Let $a$ be a constant, let $q=p^n$ be a prime power, and define $$\zeta(s) = \frac{q^{2s}-aq^s+q}{(q^s-1)(q^s-q)}.$$
Question. To show that if $\zeta(s)=0$, then $\Re(s) = \frac12$.
Here is my attempt so far:
Noice that for all $s$, $\zeta(s) = \zeta(1-s)$, thus a zero of $\zeta$ satisfies $$(q^s)^2 - a(q^s)+q=0 \quad \text{and} \quad (q^{1-s})^2 - a(q^{1-s})+q=0.$$ Thus $q^s$ and $q^{1-s}$ are the zeros of the quadratic $z^2 - az + q$. For any quadratic, $\alpha$ is a root if and only if the conjugate $\bar\alpha$ is also a root. Moreover, $\overline {q^{1-s}} = q^{1-\bar s}$ and $\overline{q^s} = q^{\bar s}$. Therefore one of the following must be true: \begin{align*} q^s &= q^{1-s}, \\ q^s = q^{\bar s} \quad &\text{and} \quad q^{1-s} = q^{1-\bar s},\\ q^s = q^{1-\bar s} \quad &\text{and} \quad q^{1-s} = q^{\bar s}. \end{align*} The first and third cases clearly imply that $\Re(s)=\frac12$. But in the second case, all we can deduce is that $s$ is real.

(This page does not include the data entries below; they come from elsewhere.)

definition min_irreg_walk_length :: "'a set \<Rightarrow> ('a \<Rightarrow> 'a \<Rightarrow> bool) \<Rightarrow> nat" where
  "min_irreg_walk_length V E = (LEAST l. \<exists>w. irregularising_walk V E w \<and> walk_length w = l)"

end

theory Submission
  imports Defs
begin

text \<open>
  Fix a proper colouring c with k colours. It suffices to find a walk W such that the degree d(v)
  of every vertex in G + W satisfies (d(v) mod 2k) div 2 = c(v), for then adjacent vertices have
  different degrees. Grow a spanning tree from a root r and let \<sigma> be its bipartition. Splicing
  back-and-forth detours along tree edges into a closed walk from r prescribes the number of
  traversals of every vertex modulo 2k, at a cost of at most 2k steps per non-root vertex, provided
  the halved targets t satisfy \<Sum> \<plusminus>t(v) = 0 (mod k), with signs given by \<sigma>. The targets encoding c
  are corrected by a detour of 2m steps along an edge pq with \<sigma>(p) = \<sigma>(q), which exists unless
  k \<le> 2 and shifts the signed sum by \<plusminus>2m, and, for even k, also by a walk of length at most two
  from r that changes its parity; this walk exists because G is not K2. As k \<le> \<Delta> + 1, the
  corrections cost at most 2\<Delta> steps.
\<close>

section \<open>Walks and traversal counts\<close>

lemma traversals_Nil [simp]: "traversals [] v = 0"
  by (simp add: traversals_def)

lemma traversals_singleton [simp]: "traversals [a] v = 0"
  by (simp add: traversals_def)

lemma traversals_Cons_Cons [simp]:
  "traversals (a # b # w) v = of_bool (a = v \<or> b = v) + traversals (b # w) v"
proof -
  let ?I = "\<lambda>w. {i. Suc i < length w \<and> (w ! i = v \<or> w ! Suc i = v)}"
  have "?I (a # b # w) = (if a = v \<or> b = v then {0} else {}) \<union> Suc ` ?I (b # w)"
  proof (intro set_eqI iffI)
    fix i assume "i \<in> ?I (a # b # w)"
    then show "i \<in> (if a = v \<or> b = v then {0} else {}) \<union> Suc ` ?I (b # w)"
      by (cases i) auto
  qed (auto split: if_splits)
  moreover have "finite (?I (b # w))"
    by (rule finite_subset[of _ "{..<length (b # w)}"]) auto
  ultimately show ?thesis
    by (simp add: traversals_def card_image)
qed

lemma traversals_Cons:
  "w \<noteq> [] \<Longrightarrow> traversals (a # w) v = of_bool (a = v \<or> hd w = v) + traversals w v"
  by (cases w) auto

lemma traversals_eq_0_if_notin: "v \<notin> set w \<Longrightarrow> traversals w v = 0"
  by (induction w rule: induct_list012) auto

lemma traversals_append_tl:
  assumes "xs \<noteq> []" "ys \<noteq> []" "last xs = hd ys"
  shows "traversals (xs @ tl ys) v = traversals xs v + traversals ys v"
  using assms
proof (induction xs rule: induct_list012)
  case (2 a)
  then show ?case by (cases ys) auto
next
  case (3 a b xs)
  then show ?case by simp
qed simp

lemma successively_append_tl:
  assumes "successively P xs" "successively P ys" "xs \<noteq> []" "last xs = hd ys"
  shows "successively P (xs @ tl ys)"
  using assms by (cases ys rule: remdups_adj.cases) (auto simp: successively_append_iff)

fun back_and_forth :: "'a \<Rightarrow> 'a \<Rightarrow> nat \<Rightarrow> 'a list" where
  "back_and_forth u v 0 = [u]"
| "back_and_forth u v (Suc a) = u # v # back_and_forth u v a"

lemma back_and_forth_neq_Nil [simp]: "back_and_forth u v a \<noteq> []"
  by (cases a) auto

lemma hd_back_and_forth [simp]: "hd (back_and_forth u v a) = u"
  by (cases a) auto

lemma last_back_and_forth [simp]: "last (back_and_forth u v a) = u"
  by (induction a) auto

lemma length_back_and_forth [simp]: "length (back_and_forth u v a) = 2 * a + 1"
  by (induction a) auto

lemma set_back_and_forth: "set (back_and_forth u v a) = (if a = 0 then {u} else {u, v})"
  by (induction a) auto

lemma traversals_back_and_forth:
  "u \<noteq> v \<Longrightarrow> traversals (back_and_forth u v a) x = (if x = u \<or> x = v then 2 * a else 0)"
  by (induction a) (auto simp: traversals_Cons)

lemma successively_back_and_forth: "P u v \<Longrightarrow> P v u \<Longrightarrow> successively P (back_and_forth u v a)"
  by (induction a) (auto simp: successively_Cons)

lemma splice_closed_walk:
  assumes "u \<in> set w" "C \<noteq> []" "hd C = u" "last C = u"
  obtains w' where "hd w' = hd w" "last w' = last w" "set w' = set w \<union> set C"
    "length w' = length w + length C - 1"
    "\<And>x. traversals w' x = traversals w x + traversals C x"
    "\<And>P. successively P w \<Longrightarrow> successively P C \<Longrightarrow> successively P w'"
proof -
  obtain xs ys where w: "w = xs @ u # ys" using assms(1) by (meson split_list)
  have C: "C = u # tl C" using assms(2,3) by (cases C) auto
  have w'_glue: "xs @ C @ ys = ((xs @ [u]) @ tl C) @ tl (u # ys)"
    by (subst C) simp
  have w_glue: "w = (xs @ [u]) @ tl (u # ys)"
    by (simp add: w)
  show thesis
  proof (rule that[of "xs @ C @ ys"])
    show "hd (xs @ C @ ys) = hd w" "last (xs @ C @ ys) = last w"
      using assms(2-4) by (auto simp: w hd_append last_append)
    show "set (xs @ C @ ys) = set w \<union> set C"
      using assms(2,3) hd_in_set by (fastforce simp: w)
    show "length (xs @ C @ ys) = length w + length C - 1"
      using assms(2) by (simp add: w)
    have last_prefix: "last ((xs @ [u]) @ tl C) = u"
      using assms(2,4) C by (metis append_assoc append_Cons append_Nil last_appendR)
    show "traversals (xs @ C @ ys) x = traversals w x + traversals C x" for x
    proof -
      have "traversals (xs @ C @ ys) x = traversals ((xs @ [u]) @ tl C) x + traversals (u # ys) x"
        unfolding w'_glue using last_prefix by (intro traversals_append_tl) auto
      moreover have "traversals ((xs @ [u]) @ tl C) x = traversals (xs @ [u]) x + traversals C x"
        using assms(2,3) by (intro traversals_append_tl) auto
      moreover have "traversals w x = traversals (xs @ [u]) x + traversals (u # ys) x"
        unfolding w_glue by (rule traversals_append_tl) auto
      ultimately show ?thesis by simp
    qed
    show "successively P (xs @ C @ ys)" if "successively P w" "successively P C" for P
    proof -
      have "successively P (xs @ [u])" "successively P (u # ys)"
        using that(1) by (auto simp: w successively_append_iff)
      then show ?thesis
        unfolding w'_glue using that(2) assms(2,3) last_prefix
        by (intro successively_append_tl) auto
    qed
  qed
qed

section \<open>Graphs and colourings\<close>

lemma simple_graphD:
  assumes "simple_graph V E"
  shows "finite V" "symp E" "\<And>v. \<not> E v v" "\<And>u v. E u v \<Longrightarrow> u \<in> V" "\<And>u v. E u v \<Longrightarrow> v \<in> V"
  using assms by (auto simp: simple_graph_def symp_def)

lemma is_walk_iff: "is_walk V E w \<longleftrightarrow> w \<noteq> [] \<and> set w \<subseteq> V \<and> successively E w"
  by (simp add: is_walk_def successively_conv_nth)

lemma rtranclp_crosses_boundary:
  assumes "E\<^sup>*\<^sup>* x z" "x \<in> S" "z \<notin> S"
  shows "\<exists>u v. u \<in> S \<and> v \<notin> S \<and> E u v"
  using assms by (induction rule: rtranclp_induct) auto

lemma deg_le_max_degree: "finite V \<Longrightarrow> v \<in> V \<Longrightarrow> deg V E v \<le> max_degree V E"
  unfolding max_degree_def by simp

lemma max_degree_pos:
  assumes "simple_graph V E" "E a b"
  shows "0 < max_degree V E"
proof -
  have "b \<in> {u \<in> V. E a u}" using simple_graphD(5)[OF assms] assms(2) by simp
  then have "0 < deg V E a"
    unfolding deg_def using simple_graphD(1)[OF assms(1)] card_gt_0_iff by fastforce
  then show ?thesis
    using deg_le_max_degree[of V a E] simple_graphD(1,4)[OF assms(1)] assms(2) by fastforce
qed

definition proper_colouring :: "'a set \<Rightarrow> ('a \<Rightarrow> 'a \<Rightarrow> bool) \<Rightarrow> nat \<Rightarrow> ('a \<Rightarrow> nat) \<Rightarrow> bool" where
  "proper_colouring V E k c \<longleftrightarrow> (\<forall>v\<in>V. c v < k) \<and> (\<forall>u v. E u v \<longrightarrow> c u \<noteq> c v)"

lemma chromatic_number_le: "proper_colouring V E k c \<Longrightarrow> chromatic_number V E \<le> k"
  unfolding chromatic_number_def proper_colouring_def by (rule Least_le) blast

lemma proper_colouring_chromatic_number:
  "proper_colouring V E k c \<Longrightarrow> \<exists>c. proper_colouring V E (chromatic_number V E) c"
  unfolding chromatic_number_def proper_colouring_def by (rule LeastI) blast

How can I show that $\Re(s) = \frac12$ in this case also?
$a$ is real. The roots of $X^2-aX+q$ are $\frac{a\pm \sqrt{a^2-4q}}{2}$, iff $a^2-4q\le 0$ then the two roots are complex conjugate so they have the same absolute value $q^{1/2}$. If $a^2-4q> 0$ then the result isn't true. That's why the Hasse bound is important for elliptic curves (its generalization to higher genus curves is https://en.wikipedia.org/wiki/Weil_conjectures)